I argue that Allen was mistaken both in thinking that we can dispense with instants and in thinking that if we allow them then we have to consider open and closed intervals. A more satisfactory picture is to regard an instant as arising from the division of an interval into two parts which jointly exhaust the interval without either of them containing the instant which separates them.

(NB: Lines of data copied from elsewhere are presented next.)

theory Submission
  imports Defs
begin

text \<open>
Let \<open>\<psi>\<close> be the automorphism of \<open>F\<^sub>m \<times> F\<^sub>n\<close> given by the Artin automorphisms of
\<open>\<alpha>\<close> and \<open>\<beta>\<close> in the two factors. Since \<open>\<alpha>\<close> and \<open>\<beta>\<close> preserve \<open><\<close> and \<open><'\<close>, \<open>\<psi>\<close> preserves
the lexicographic order, so its linear extension \<open>\<psi>\<^sub>*\<close> to \<open>\<int>(F\<^sub>m \<times> F\<^sub>n)\<close>, which is
injective on supports, maps positive elements to positive elements; applied entrywise it
maps positive matrices of \<open>M\<^sub>2(R[t])\<close> to positive matrices.
The key identity is \<open>\<rho>((\<alpha> \<otimes> \<beta>)(w)) = \<psi>\<^sub>*(\<rho>(w))\<close>: both sides are multiplicative in \<open>w\<close>,
and on a generator of the first factor \<open>\<alpha> \<otimes> \<beta>\<close> acts as \<open>\<alpha>\<close>, on a generator of the second
as the shifted \<open>\<beta>\<close>. Hence \<open>\<rho>((\<alpha> \<otimes> \<beta>)(y)) - \<rho>((\<alpha> \<otimes> \<beta>)(x)) = \<psi>\<^sub>*(\<rho>(y) - \<rho>(x))\<close>
is positive whenever \<open>\<rho>(y) - \<rho>(x)\<close> is.
\<close>

section \<open>Free reduction\<close>

definition letter_inv :: "letter \<Rightarrow> letter" where
  "letter_inv a = (fst a, \<not> snd a)"

lemma letter_inv_letter_inv [simp]: "letter_inv (letter_inv a) = a"
  by (simp add: letter_inv_def)

lemma fst_letter_inv [simp]: "fst (letter_inv a) = fst a"
  by (simp add: letter_inv_def)

lemma red_cons_Cons: "red_cons a (b # w) = (if b = letter_inv a then w else a # b # w)"
  by (cases a; cases b) (auto simp: letter_inv_def)

lemma reduced_Cons_Cons: "reduced (a # b # w) \<longleftrightarrow> b \<noteq> letter_inv a \<and> reduced (b # w)"
  by (cases a; cases b) (auto simp: letter_inv_def)

declare red_cons.simps(2) [simp del] reduced.simps(3) [simp del]

lemma reduced_ConsD: "reduced (a # w) \<Longrightarrow> reduced w"
  by (cases w) (auto simp: reduced_Cons_Cons)

lemma reduced_red_cons: "reduced w \<Longrightarrow> reduced (red_cons a w)"
  by (cases w) (auto simp: red_cons_Cons reduced_Cons_Cons dest: reduced_ConsD)

lemma reduce_Nil [simp]: "reduce [] = []"
  by (simp add: reduce_def)

lemma reduce_Cons: "reduce (a # w) = red_cons a (reduce w)"
  by (simp add: reduce_def)

lemma reduce_append: "reduce (u @ v) = foldr red_cons u (reduce v)"
  by (simp add: reduce_def)

lemma reduced_reduce: "reduced (reduce w)"
  by (induction w) (auto simp: reduce_Cons reduced_red_cons)

lemma reduce_reduced: "reduced w \<Longrightarrow> reduce w = w"
proof (induction w)
  case (Cons a w)
  then have "reduce w = w" using reduced_ConsD by blast
  then show ?case using Cons.prems
    by (cases w) (auto simp: reduce_Cons red_cons_Cons reduced_Cons_Cons)
qed simp

lemma reduce_idem [simp]: "reduce (reduce w) = reduce w"
  by (simp add: reduce_reduced reduced_reduce)

lemma set_reduce: "set (reduce w) \<subseteq> set w"
proof -
  have red_cons: "set (red_cons a v) \<subseteq> insert a (set v)" for a v
    by (cases v) (auto simp: red_cons_Cons)
  show ?thesis by (induction w) (auto simp: reduce_Cons dest!: red_cons[THEN subsetD])
qed

lemma red_cons_letter_inv_cancel: "reduced w \<Longrightarrow> red_cons a (red_cons (letter_inv a) w) = w"
  by (cases w rule: remdups_adj.cases)
     (auto simp: red_cons_Cons reduced_Cons_Cons)

lemma foldr_red_cons_reduce:
  assumes "reduced w"
  shows "foldr red_cons (reduce u) w = foldr red_cons u w"
proof (induction u)
  case (Cons a u)
  have reduced: "reduced (foldr red_cons v w)" for v
    using assms by (induction v) (auto simp: reduced_red_cons)
  show ?case
  proof (cases "reduce u")
    case (Cons b x)
    show ?thesis
    proof (cases "b = letter_inv a")
      case True
      then have "red_cons a (foldr red_cons u w) = foldr red_cons x w"
        using Cons.IH Cons red_cons_letter_inv_cancel[OF reduced, of a x] by simp
      then show ?thesis using Cons True by (simp add: reduce_Cons red_cons_Cons)
    qed (use Cons Cons.IH in \<open>simp add: reduce_Cons red_cons_Cons\<close>)
  qed (use Cons.IH in \<open>simp add: reduce_Cons\<close>)
qed simp

lemma reduce_reduce_append: "reduce (reduce u @ v) = reduce (u @ v)"
  by (simp add: reduce_append foldr_red_cons_reduce reduced_reduce)

lemma reduce_append_reduce: "reduce (u @ reduce v) = reduce (u @ v)"
  by (simp add: reduce_append)

lemma fmul_assoc: "fmul (fmul u v) w = fmul u (fmul v w)"
  unfolding fmul_def by (metis append_assoc reduce_reduce_append reduce_append_reduce)

lemma fmul_Nil_left: "reduced w \<Longrightarrow> fmul [] w = w"
  by (simp add: fmul_def reduce_reduced)

lemma fmul_Nil_right: "reduced w \<Longrightarrow> fmul w [] = w"
  by (simp add: fmul_def reduce_reduced)

lemma fmul_letter_inv: "fmul [a] [letter_inv a] = []"
  by (simp add: fmul_def reduce_Cons red_cons_Cons)

lemma finv_Nil [simp]: "finv [] = []"
  by (simp add: finv_def)

lemma finv_Cons: "finv (a # w) = finv w @ [letter_inv a]"
  by (cases a) (simp add: finv_def letter_inv_def)

lemma finv_finv [simp]: "finv (finv w) = w"
  by (induction w) (auto simp: finv_Cons finv_def letter_inv_def rev_map)

lemma set_finv: "set (finv w) = letter_inv ` set w"
  by (induction w) (auto simp: finv_Cons)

I present a model of time which includes both instants and intervals, without the question of closure arising, and argue that this model is the right one for the kind of qualitative simulation which has become an important desideratum of the Artificial Intelligence enterprise and which is closely related to the kinds of qualitative descriptions which Hamblin was interested in.
This paper was originally presented at the 7th International Conference of the Deutsche Gesellschaft für Semiotik, Tübingen, October 4-7, 1993.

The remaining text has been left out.